* [ASSIGNED TASK]:
Your task is to copy each line of the records that includes the string "choose".

DATASET below:

lemma binomial_transform_divide:
  fixes g :: "nat \<Rightarrow> 'a::field_char_0"
  shows "binomial_transform (\<lambda>m. g m / of_nat m) n = (\<Sum>k=1..n. binomial_transform g k / of_nat k)"
proof (induction n)
  case 0
  then show ?case by simp
next
  case (Suc n)
  have "(-1)^i * of_nat (n choose i) * (g (Suc i) / of_nat (Suc i))
      = (-1)^i * of_nat (Suc n choose Suc i) * g (Suc i) / (of_nat (Suc n) :: 'a)" for i
  proof -
    have "of_nat (Suc n) * (of_nat (n choose i) :: 'a)
        = of_nat (Suc n choose Suc i) * of_nat (Suc i)"
      by (metis Suc_times_binomial_eq of_nat_mult)
    then show ?thesis
      by (simp add: field_simps del: of_nat_Suc binomial_Suc_Suc)
  qed
  then have "(\<Sum>i<Suc n. (-1)^i * of_nat (n choose i) * (g (Suc i) / of_nat (Suc i)))
      = binomial_transform g (Suc n) / of_nat (Suc n)"
    by (simp only: binomial_transform_def sum_divide_distrib)
  then show ?case
    using Suc by (simp add: binomial_transform_Suc[of "\<lambda>m. g m / of_nat m"] del: of_nat_Suc)
qed

lemma sum_atMost_nested_swap:
  "(\<Sum>i\<le>(k::nat). \<Sum>j\<le>i. h i j) = (\<Sum>j\<le>k. \<Sum>i=j..k. h i j :: 'a::comm_monoid_add)"
proof (induction k)
  case (Suc k)
  have "(\<Sum>j\<le>k. \<Sum>i=j..Suc k. h i j) = (\<Sum>j\<le>k. (\<Sum>i=j..k. h i j) + h (Suc k) j)"
    by (intro sum.cong refl) (simp add: add.commute)
  then show ?case using Suc by (simp add: sum.distrib)
qed simp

End of DATASET.

* [SOLUTION]:
  have "(-1)^i * of_nat (n choose i) * (g (Suc i) / of_nat (Suc i))
      = (-1)^i * of_nat (Suc n choose Suc i) * g (Suc i) / (of_nat (Suc n) :: 'a)" for i
    have "of_nat (Suc n) * (of_nat (n choose i) :: 'a)
        = of_nat (Suc n choose Suc i) * of_nat (Suc i)"
  then have "(\<Sum>i<Suc n. (-1)^i * of_nat (n choose i) * (g (Suc i) / of_nat (Suc i)))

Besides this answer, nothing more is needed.